To later Roman historians, he was the restorer of the empire — the man who pulled Rome back from the brink of dissolution and gave it another two centuries of life.

To Byzantine historians, he was effectively the founder of their state — the architect of the administrative, military, ceremonial, and economic structures that defined the Eastern Roman Empire. The court protocol of Constantinople, the diocesan system, the praetorian prefecture organisation, the elaborated imperial ceremony — all of it was Diocletian's framework, modified across the centuries but recognisably his.

To Enlightenment historians, particularly Edward Gibbon in his Decline and Fall of the Roman Empire, Diocletian was reassessed as one of Rome's most able rulers — a flawed but transformative figure, comparable to Augustus in his impact on the long-term shape of the empire.

To modern historians, he is one of the most consequential figures in late antiquity — flawed, brutal in his persecution of Christians, but extraordinarily effective in his political restructuring of a collapsing empire. The persecution remains a major and lasting black mark. The political achievement remains historically remarkable. Both are true at the same time.

What survives most vividly today is not his political reforms or his religious policies. It is his palace at Split — a building that has outlived the empire that produced it by more than 1,500 years, and that remains one of the best places in the world to physically encounter the late Roman world. If you're planning to visit, our one-day Split itinerary walks you through the palace from sunrise to evening.

Walking Where Diocletian Walked

Most Roman emperors live now only in books and museum cases. Diocletian is different. The building he designed, paid for, and lived in still stands — not as a reconstruction or a ruin, but as a working city centre that has never been abandoned. The complex he built is now the historic centre of Split — a UNESCO World Heritage Site since 1979 and one of the most extraordinary continuously-inhabited Roman monuments in existence.

When you stand in the Peristyle, you are standing in the exact courtyard where Diocletian held public audiences in 305 AD. The granite columns around you came from Egypt on his orders. The white limestone underfoot was quarried on the island of Brač for his palace. Pass through the archway to the south and you enter the Vestibule — the domed anteroom where visitors waited to be received into his private apartments. To the east stands the building he built to be his eternal tomb — now the Cathedral of Saint Domnius, where the 3rd-century Roman frieze running around the dome drum still preserves the best portraits of Diocletian and his wife Prisca anywhere in the world. To the west once stood the Temple of Jupiter, where Diocletian was worshipped as the living embodiment of the god.

Beneath your feet are the subterranean cellars — the vast vaulted storage spaces that once supported the imperial apartments above and that today preserve the floor plan of Diocletian's private quarters with extraordinary precision. To the north stands the Golden Gate (Porta Aurea) — the grand ceremonial entrance through which Diocletian would have first entered his completed palace.

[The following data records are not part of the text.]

text \<open>Maximum principle: on a connected graph an upper bound for V on the (nonempty) boundary
  bounds V everywhere, since the set of maximisers would otherwise spread to the boundary.\<close>
lemma maximum_principle:
  assumes sg: "simple_graph n E" and cond: "conductance E c" and conn: "connected_graph n E"
    and G: "G \<subseteq> {..<n}" "G \<noteq> {}" and harm: "harmonic_off n E c G V"
    and bound: "\<And>j. j \<in> G \<Longrightarrow> V j \<le> b"
  shows "\<forall>i<n. V i \<le> b"
proof (rule ccontr)
  assume "\<not> (\<forall>i<n. V i \<le> b)"
  then obtain i1 where i1: "i1 < n" "b < V i1" by auto
  obtain i0 where i0: "i0 < n" and max_eq: "Max (V ` {..<n}) = V i0"
    using obtains_MAX[of "{..<n}" V] i1(1) by auto
  have max: "V j \<le> V i0" if "j < n" for j using that max_eq[symmetric] by simp
  have above: "b < V i0" using max[OF i1(1)] i1(2) by simp
  have "y < n \<and> V y = V i0" if "E\<^sup>*\<^sup>* i0 y" for y
    using that
  proof (induction rule: rtranclp_induct)
    case (step y z)
    have "z < n" using sg step(2) unfolding simple_graph_def by blast
    moreover have "y \<notin> G" using bound step(3) above by force
    ultimately have "V z = V y"
      using harmonic_max_spreads[OF cond harm _ _ _ step(2)] step(3) max by simp
    with \<open>z < n\<close> step(3) show ?case by simp
  qed (use i0 in simp)
  moreover obtain g where g: "g \<in> G" using G(2) by auto
  moreover have "E\<^sup>*\<^sup>* i0 g" using conn i0 g G(1) unfolding connected_graph_def by auto
  ultimately have "V g = V i0" by blast
  then show False using bound[OF g] above by simp
qed

lemma potential_in_unit_interval:
  assumes "simple_graph n E" "conductance E c" "connected_graph n E"
    and "G \<subseteq> {..<n}" "G \<noteq> {}" "harmonic_off n E c G V"
    and "\<And>j. j \<in> G \<Longrightarrow> 0 \<le> V j \<and> V j \<le> 1"
  shows "\<forall>i<n. 0 \<le> V i \<and> V i \<le> 1"
proof -
  have "\<forall>i<n. V i \<le> 1" using maximum_principle[of n E c G V 1] assms by blast
  moreover have "\<forall>i<n. - V i \<le> 0"
    using maximum_principle[of n E c G "\<lambda>i. - V i" 0] assms harmonic_off_neg by fastforce
  ultimately show ?thesis by force
qed

lemma majorities_intersect:
  assumes "A \<subseteq> {..<n}" "B \<subseteq> {..<n}" "real n < 2 * real (card A)" "real n < 2 * real (card B)"
  shows "A \<inter> B \<noteq> {}"
proof
  assume "A \<inter> B = {}"
  then have "card A + card B = card (A \<union> B)"
    using assms(1,2) finite_subset by (metis card_Un_disjoint finite_lessThan)
  also have "\<dots> \<le> n" using card_mono[of "{..<n}" "A \<union> B"] assms(1,2) by simp
  finally show False using assms(3,4) by linarith
qed

lemma geometric_growth_dichotomy:
  fixes g :: "real \<Rightarrow> nat" and N :: nat and A B q t0 :: real
  assumes antitone: "\<And>s t. s \<le> t \<Longrightarrow> g t \<le> g s"
    and start: "1 \<le> A" "A \<le> real (g t0)"
    and q: "1 < q" and B: "0 \<le> B"
    and grow: "\<And>t. 1 \<le> g t \<Longrightarrow> 2 * real (g t) \<le> real N \<Longrightarrow>
                 q * real (g t) \<le> real (g (t - B / real (g t)))"
  defines "\<tau> k \<equiv> t0 - B / A * (\<Sum>j<k. (1 / q) ^ j)"
  shows "real N < 2 * real (g (\<tau> k)) \<or> A * q ^ k \<le> real (g (\<tau> k))"
proof (induction k)
  case 0
  then show ?case using start unfolding \<tau>_def by simp
next
  case (Suc k)
  have \<tau>_Suc: "\<tau> (Suc k) = \<tau> k - B / A * (1 / q) ^ k" unfolding \<tau>_def by (simp add: algebra_simps)
  show ?case
  proof (cases "real N < 2 * real (g (\<tau> k))")
    case True
    moreover have "g (\<tau> k) \<le> g (\<tau> (Suc k))"
      using \<tau>_Suc B start q by (intro antitone) simp
    ultimately show ?thesis by simp
  next
    case False
    define s where "s = real (g (\<tau> k))"
    have s_ge: "A * q ^ k \<le> s" using Suc False s_def by simp
    have "1 * 1 \<le> A * q ^ k" using start q by (intro mult_mono) auto
    then have one_le: "1 \<le> A * q ^ k" by simp
    have "B / s \<le> B / (A * q ^ k)" using s_ge one_le B by (intro divide_left_mono) auto
    also have "\<dots> = B / A * (1 / q) ^ k" by (simp add: power_one_over)
    finally have "\<tau> (Suc k) \<le> \<tau> k - B / s" using \<tau>_Suc by simp
    then have "g (\<tau> k - B / s) \<le> g (\<tau> (Suc k))" by (rule antitone)
    moreover have "q * s \<le> real (g (\<tau> k - B / s))"
      using grow[of "\<tau> k"] s_ge one_le False unfolding s_def by simp
    moreover have "A * q ^ Suc k \<le> q * s" using s_ge q by simp
    ultimately show ?thesis by simp
  qed
qed

text \<open>Since g \<le> N, the second alternative fails once q^k > N; the drops form a geometric series,
  so g exceeds N/2 at a threshold at most B/A (1 + \<rho>)/\<rho> below t0.\<close>
lemma threshold_by_geometric_growth:
  fixes g :: "real \<Rightarrow> nat" and N :: nat and A B \<rho> t0 :: real
  assumes antitone: "\<And>s t. s \<le> t \<Longrightarrow> g t \<le> g s"
    and bounded: "\<And>t. g t \<le> N"
    and start: "1 \<le> A" "A \<le> real (g t0)"
    and rate: "0 < \<rho>" and B: "0 \<le> B"
    and grow: "\<And>t. 1 \<le> g t \<Longrightarrow> 2 * real (g t) \<le> real N \<Longrightarrow>
                 (1 + \<rho>) * real (g t) \<le> real (g (t - B / real (g t)))"
  shows "\<exists>\<tau>. t0 - B / A * ((1 + \<rho>) / \<rho>) \<le> \<tau> \<and> real N < 2 * real (g \<tau>)"
proof -
  define q where "q = 1 + \<rho>"
  define \<tau> where "\<tau> k = t0 - B / A * (\<Sum>j<k. (1 / q) ^ j)" for k
  have q1: "1 < q" using rate q_def by simp
  obtain k where k: "real N < q ^ k" using real_arch_pow[OF q1] by blast
  have "\<not> A * q ^ k \<le> real (g (\<tau> k))"
    using k bounded[of "\<tau> k"] start q1 by (smt (verit) mult_le_cancel_right1 of_nat_mono zero_less_power)
  moreover have "real N < 2 * real (g (\<tau> k)) \<or> A * q ^ k \<le> real (g (\<tau> k))"
    unfolding \<tau>_def
    by (rule geometric_growth_dichotomy[where g = g and N = N, OF antitone start q1 B])
      (use grow in \<open>unfold q_def\<close>)
  ultimately have majority: "real N < 2 * real (g (\<tau> k))" by blast
  have "(\<Sum>j<k. (1 / q) ^ j) \<le> 1 / (1 - 1 / q)"
    using q1 by (simp add: sum_gp_strict divide_right_mono)
  also have "\<dots> = (1 + \<rho>) / \<rho>" using rate unfolding q_def by (simp add: field_simps)
  finally have "B / A * (\<Sum>j<k. (1 / q) ^ j) \<le> B / A * ((1 + \<rho>) / \<rho>)"
    using B start by (intro mult_left_mono) auto
  then have "t0 - B / A * ((1 + \<rho>) / \<rho>) \<le> \<tau> k" unfolding \<tau>_def by simp
  with majority show ?thesis by blast
qed

lemma ratio_deviation:
  fixes v lo W X Y A B Q D :: real
  assumes X: "lo * A \<le> X" "X \<le> (lo + W) * A" and Y: "0 \<le> Y" "Y \<le> B"
    and v: "lo \<le> v" "v \<le> lo + W" "0 \<le> v" "v \<le> 1"
    and AB: "0 \<le> A" "0 \<le> B" and D: "0 < D" "D \<le> A + B" and Q: "B \<le> Q"
  shows "\<bar>v - (X + Y) / (A + B)\<bar> \<le> W + Q / D"
proof -
  have pos: "0 < A + B" using D by linarith
  have "\<bar>v * A - X\<bar> \<le> W * A"
    using X v AB mult_right_mono[of lo v A] mult_right_mono[of v "lo + W" A]
    by (simp add: abs_le_iff algebra_simps)
  moreover have "\<bar>v * B - Y\<bar> \<le> B"
  proof -
    have "0 \<le> v * B" "v * B \<le> B" using v AB by (auto simp: mult_left_le_one_le)
    then show ?thesis unfolding abs_le_iff using Y by linarith
  qed
  moreover have "\<bar>v * (A + B) - (X + Y)\<bar> \<le> \<bar>v * A - X\<bar> + \<bar>v * B - Y\<bar>"
    using abs_triangle_ineq[of "v * A - X" "v * B - Y"] by (simp add: algebra_simps)
  ultimately have "\<bar>v * (A + B) - (X + Y)\<bar> \<le> W * A + B" by linarith
  moreover have "v - (X + Y) / (A + B) = (v * (A + B) - (X + Y)) / (A + B)"
    using pos by (simp add: field_simps)
  then have "\<bar>v - (X + Y) / (A + B)\<bar> = \<bar>v * (A + B) - (X + Y)\<bar> / (A + B)"
    using pos by simp
  ultimately have "\<bar>v - (X + Y) / (A + B)\<bar> \<le> (W * A + B) / (A + B)"
    using pos by (simp add: divide_right_mono)
  also have "\<dots> \<le> W + B / (A + B)"
  proof -
    have "0 \<le> W" using v by simp
    then have "W * A \<le> W * (A + B)" using AB by (intro mult_left_mono) auto
    then show ?thesis using pos by (simp add: add_divide_distrib divide_le_eq)
  qed
  also have "B / (A + B) \<le> Q / D" using AB D Q by (intro frac_le) auto
  finally show ?thesis by simp
qed

locale network =
  fixes n :: nat and E :: "nat \<Rightarrow> nat \<Rightarrow> bool" and c :: "nat \<Rightarrow> nat \<Rightarrow> real"
    and G :: "nat set" and C1 C2 :: real and K :: nat and D \<Lambda> :: real
  assumes simple: "simple_graph n E"
    and cond: "conductance E c"
    and cond_bounds: "\<And>i j. E i j \<Longrightarrow> C1 \<le> c i j \<and> c i j \<le> C2"
    and C1_pos: "0 < C1" and C1_le_C2: "C1 \<le> C2"
    and boundary: "G \<subseteq> {..<n}" "G \<noteq> {}" "card G \<le> K"
    and degree_bounds: "\<And>i. i < n \<Longrightarrow> D < real (degree E i) \<and> real (degree E i) < \<Lambda> * D"
    and degree_large: "2 * real K \<le> D" "8 * C2 \<le> C1 * D"
begin

abbreviation w :: "nat \<Rightarrow> nat \<Rightarrow> real" where "w \<equiv> wt E c"

definition interior :: "nat set" where "interior = {..<n} - G"

definition ew :: "nat set \<Rightarrow> nat set \<Rightarrow> real" where
  "ew S U = (\<Sum>i\<in>S. \<Sum>j\<in>U. w i j)"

It is one of the few places in the world where the late Roman empire is not history. It is still the street you walk down. For a deeper look at what makes the palace unique among Roman sites, see our guide to the best walking tours in Split.

Seeing the Palace as Diocletian Saw It

The challenge for visitors is that 1,700 years have layered themselves over the original building. Medieval churches were built into Roman temples. Renaissance palaces grew out of imperial walls. Cafés now line the Peristyle. The structure is extraordinary — but the imperial residence Diocletian actually moved into in 305 AD is partly obscured by everything that came after.

That is what Time Walk's VR walking tour exists to solve.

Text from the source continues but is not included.